(* For every positive integer $n$, \[ \overline{M}(n)=\sum_{d\mid n}\varphi(d)\sum_{\substack{\delta\mid n\\ \gcd(\delta,d)=1}}\mu(\delta)\sum_{\substack{1\le j\le n/\delta\\ \delta j\equiv 1 \ (\mathrm{mod}\ d)}} f\!\left(\left\lfloor \frac{n}{j\delta}\right\rfloor\right), \] where $d$ and $\delta$ run over the positive divisors of $n$, and for $d=1$ the congruence condition is vacuous.
   Context: For a nonempty finite set $A$ of positive integers, $(A)$ denotes the greatest common divisor of the elements of $A$. $\varphi$ is Euler's totient function and $\mu$ is the Möbius function. For $m\in\mathbb{N}$, $f(m)$ is the number of nonempty subsets $A\subseteq\{1,2,\ldots,m\}$ with $(A)=1$ (equivalently $f(m)=\sum_{d=1}^m\mu(d)(2^{\lfloor m/d\rfloor}-1)$). Define \[ \overline{M}(n)=\sum_{\substack{\emptyset\ne A\subseteq\{1,\ldots,n\}\\ \gcd((A),n)=1}}\gcd((A)-1,n), \] the sum over all nonempty subsets $A$ of $\{1,\ldots,n\}$ with $\gcd((A),n)=1$, with the convention $\gcd(0,n)=n$. *)

theory Defs
  imports "HOL-Number_Theory.Number_Theory" "HOL-Computational_Algebra.Squarefree"
begin

definition moebius_mu :: "nat \<Rightarrow> int" where
  "moebius_mu n = (if n = 0 then 0 else if squarefree n then (-1) ^ card (prime_factors n) else 0)"

definition f_cop :: "nat \<Rightarrow> nat" where
  "f_cop m = card {A. A \<subseteq> {1..m} \<and> A \<noteq> {} \<and> Gcd A = 1}"

text \<open>Mbar n = sum over nonempty A \<subseteq> {1..n} with gcd((A),n)=1 of gcd((A)-1, n).
  Since (A) \<ge> 1, natural subtraction is exact; gcd 0 n = n holds by definition.\<close>
definition Mbar :: "nat \<Rightarrow> nat" where
  "Mbar n = (\<Sum>A \<in> {A. A \<subseteq> {1..n} \<and> A \<noteq> {} \<and> coprime (Gcd A) n}. gcd (Gcd A - 1) n)"

end

theory Submission
  imports Defs
begin

text \<open>Dividing by k is a bijection from the nonempty subsets of {1..n} with gcd k onto the
  nonempty subsets of {1..n div k} with gcd 1, so exactly f(n div k) subsets have gcd k and
  Mbar(n) is the sum of gcd(k - 1, n) f(n div k) over the k \<le> n coprime to n.
  Expanding gcd(k - 1, n) as the sum of \<phi>(d) over the common divisors d of k - 1 and n,
  detecting coprimality of k and n by the sum of \<mu>(\<delta>) over the common divisors \<delta> of k and n,
  exchanging the sums and writing k = j \<delta> gives the formula; the congruence
  \<delta> j \<equiv> 1 (mod d) has no solution unless \<delta> and d are coprime.\<close>

lemma moebius_mu_prime_mult:
  assumes p: "prime (p::nat)" and "\<not> p dvd d" and "d > 0"
  shows "moebius_mu (p * d) = - moebius_mu d"
proof -
  have "coprime p d" using assms by (simp add: prime_imp_coprime)
  then have "squarefree (p * d) \<longleftrightarrow> squarefree d"
    using squarefree_mult_coprime squarefree_prime[OF p] squarefree_mono[of d "p * d"] by auto
  moreover have "prime_factors (p * d) = insert p (prime_factors d)"
    using prime_factors_product[of p d] p \<open>d > 0\<close> prime_prime_factors[OF p] by auto
  moreover have "p \<notin> prime_factors d" using \<open>\<not> p dvd d\<close> by auto
  ultimately show ?thesis using p \<open>d > 0\<close> by (auto simp: moebius_mu_def prime_gt_0_nat)
qed
(* Consider the queueing system in the context under the MaxWeight policy with a diagonal matrix $\Delta$ with positive diagonal entries, in overload ($\rho\notin\mathcal{P}$). Let $H=\limsup_{t\to\infty}\langle \frac{X(t)}{t},\Delta\frac{X(t)}{t}\rangle$, and let $\{t_c\}$ be an increasing unbounded sequence with $\lim_{c\to\infty}X(t_c)/t_c=\eta$ and $\langle\eta,\Delta\eta\rangle=H$. Then there is no increasing unbounded sequence $\{t_a\}$ with $\lim_{a\to\infty}X(t_a)/t_a=\psi\ne\eta$. Therefore $\lim_{t\to\infty}X(t)/t=\eta$.
   Context: Model: $Q$ queues, finite set $\mathcal{S}=\{S_1,\dots,S_N\}\subset\mathbb{R}^Q_{\ge0}$ of service vectors, discrete time. Arrivals $A(t)$ with $0\le A_q(t)\le\bar A_q<\infty$ and $\rho_q=\lim_{t\to\infty}\frac1t\sum_{s=0}^{t-1}A_q(s)\in(0,\infty)$. Departures $D_q(t)=\min\{S_q(t),X_q(t)\}$, $X(t+1)=X(t)+A(t)-D(t)$, $X(0)=0$, with $S(t)\in\arg\max_{S\in\mathcal{S}}\langle S,\Delta X(t)\rangle$ (MaxWeight). Stability region $\mathcal{P}=\{r\in\mathbb{R}^Q_{\ge0}: r\le\sum_n\alpha_nS_n\text{ for some }\alpha_n\ge0,\sum_n\alpha_n=1\}$. *)

theory Defs
  imports "HOL-Analysis.Analysis"
begin

definition stability_region :: "(real^'q::finite) set \<Rightarrow> (real^'q) set" where
  "stability_region SS = {r. (\<forall>q. 0 \<le> r $ q) \<and>
     (\<exists>\<alpha>. (\<forall>s\<in>SS. 0 \<le> \<alpha> s) \<and> (\<Sum>s\<in>SS. \<alpha> s) = 1 \<and>
          (\<forall>q. r $ q \<le> (\<Sum>s\<in>SS. \<alpha> s * s $ q)))}"

definition diag_app :: "real^'q::finite \<Rightarrow> real^'q \<Rightarrow> real^'q" where
  "diag_app \<delta> x = (\<chi> q. \<delta> $ q * x $ q)"

end

theory Submission
  imports Defs
begin

(* Let Y(t) = (sum over s < t of \<rho> - D(s)) be the queue driven by the mean arrival rate, so that
   X(t) - Y(t) = o(t), and call g feasible if \<rho> - g is dominated by the service vectors in every
   nonnegative direction; every limit point of X(t)/t is feasible. Write \<parallel>x\<parallel> for the \<Delta>-norm
   \<langle>x, \<Delta>x\<rangle>^(1/2). For feasible g, MaxWeight bounds the drift:
   \<parallel>Y(t+1)\<parallel>\<^sup>2 \<le> \<parallel>Y(t)\<parallel>\<^sup>2 + 2 \<parallel>g\<parallel> \<parallel>Y(t)\<parallel> + o(t), and this recursion forces
   \<parallel>Y(t)\<parallel> \<le> (\<parallel>g\<parallel> + \<epsilon>) t eventually. So every limit point of X(t)/t minimises the \<Delta>-norm over
   the convex set of feasible points. The \<Delta>-norm being strictly convex, the minimiser is unique, and
   a bounded sequence with a single limit point converges. *)

lemma square_recursion_growth_step:
  fixes w e :: "nat \<Rightarrow> real"
  assumes "0 \<le> c" "0 \<le> K" "0 < \<epsilon>"
    and rec: "\<And>t. (w (Suc t))\<^sup>2 \<le> (w t)\<^sup>2 + 2 * c * w t + e t"
    and e_small: "eventually (\<lambda>t. e t \<le> \<epsilon> * real t) sequentially"
    and w_le: "eventually (\<lambda>t. w t \<le> K * real t) sequentially"
  shows "eventually (\<lambda>t. w t \<le> sqrt (c * K + \<epsilon>) * real t) sequentially"
proof -
  obtain T0 where T0: "\<And>t. t \<ge> T0 \<Longrightarrow> w t \<le> K * real t \<and> e t \<le> \<epsilon> * real t"
    using eventually_conj[OF w_le e_small] by (auto simp: eventually_sequentially)
  define W where "W = (w T0)\<^sup>2"
  have square_le: "(w T)\<^sup>2 \<le> W + (c * K + \<epsilon> / 2) * (real T)\<^sup>2" if "T \<ge> T0" for T
    using that
  proof (induction T rule: dec_induct)
    case base
    show ?case using assms(1-3) by (simp add: W_def)
  next
    case (step n)
    have "c * w n \<le> c * (K * real n)" "e n \<le> \<epsilon> * real n"
      using T0[OF step.hyps(1)] \<open>0 \<le> c\<close> by (auto intro: mult_left_mono)
    then have "(w (Suc n))\<^sup>2 \<le> W + (c * K + \<epsilon> / 2) * (real n)\<^sup>2 + (2 * c * K + \<epsilon>) * real n"
      using rec[of n] step.IH by (simp add: algebra_simps)
    also have "\<dots> \<le> W + (c * K + \<epsilon> / 2) * (real (Suc n))\<^sup>2"
      using assms(1-3) by (simp add: power2_eq_square algebra_simps)
    finally show ?case .
  qed
  obtain N :: nat where N: "2 * W / \<epsilon> \<le> real N"
    using real_arch_simple by blast
  have "w T \<le> sqrt (c * K + \<epsilon>) * real T" if T: "T \<ge> max T0 (max N 1)" for T
  proof -
    have "W \<le> \<epsilon> / 2 * real N"
      using N \<open>0 < \<epsilon>\<close> by (simp add: field_simps)
    also have "\<dots> \<le> \<epsilon> / 2 * (real T)\<^sup>2"
    proof (rule mult_left_mono)
      have "real N \<le> real T" "1 * real T \<le> real T * real T"
        using T by (auto intro: mult_right_mono)
      then show "real N \<le> (real T)\<^sup>2"
        by (simp add: power2_eq_square)
    qed (use \<open>0 < \<epsilon>\<close> in simp)
    finally have "(w T)\<^sup>2 \<le> (c * K + \<epsilon>) * (real T)\<^sup>2"
      using square_le[of T] T by (simp add: algebra_simps)
    then have "w T \<le> sqrt ((c * K + \<epsilon>) * (real T)\<^sup>2)"
      by (rule real_le_rsqrt)
    then show ?thesis
      by (simp add: real_sqrt_mult)
  qed
  then show ?thesis
    unfolding eventually_sequentially by blast
qed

____

▸ Required work
If a line in the entries contains the word "proof", copy that line out.

▸ Task output
proof -
proof -
  proof (induction T rule: dec_induct)
  proof -
    proof (rule mult_left_mono)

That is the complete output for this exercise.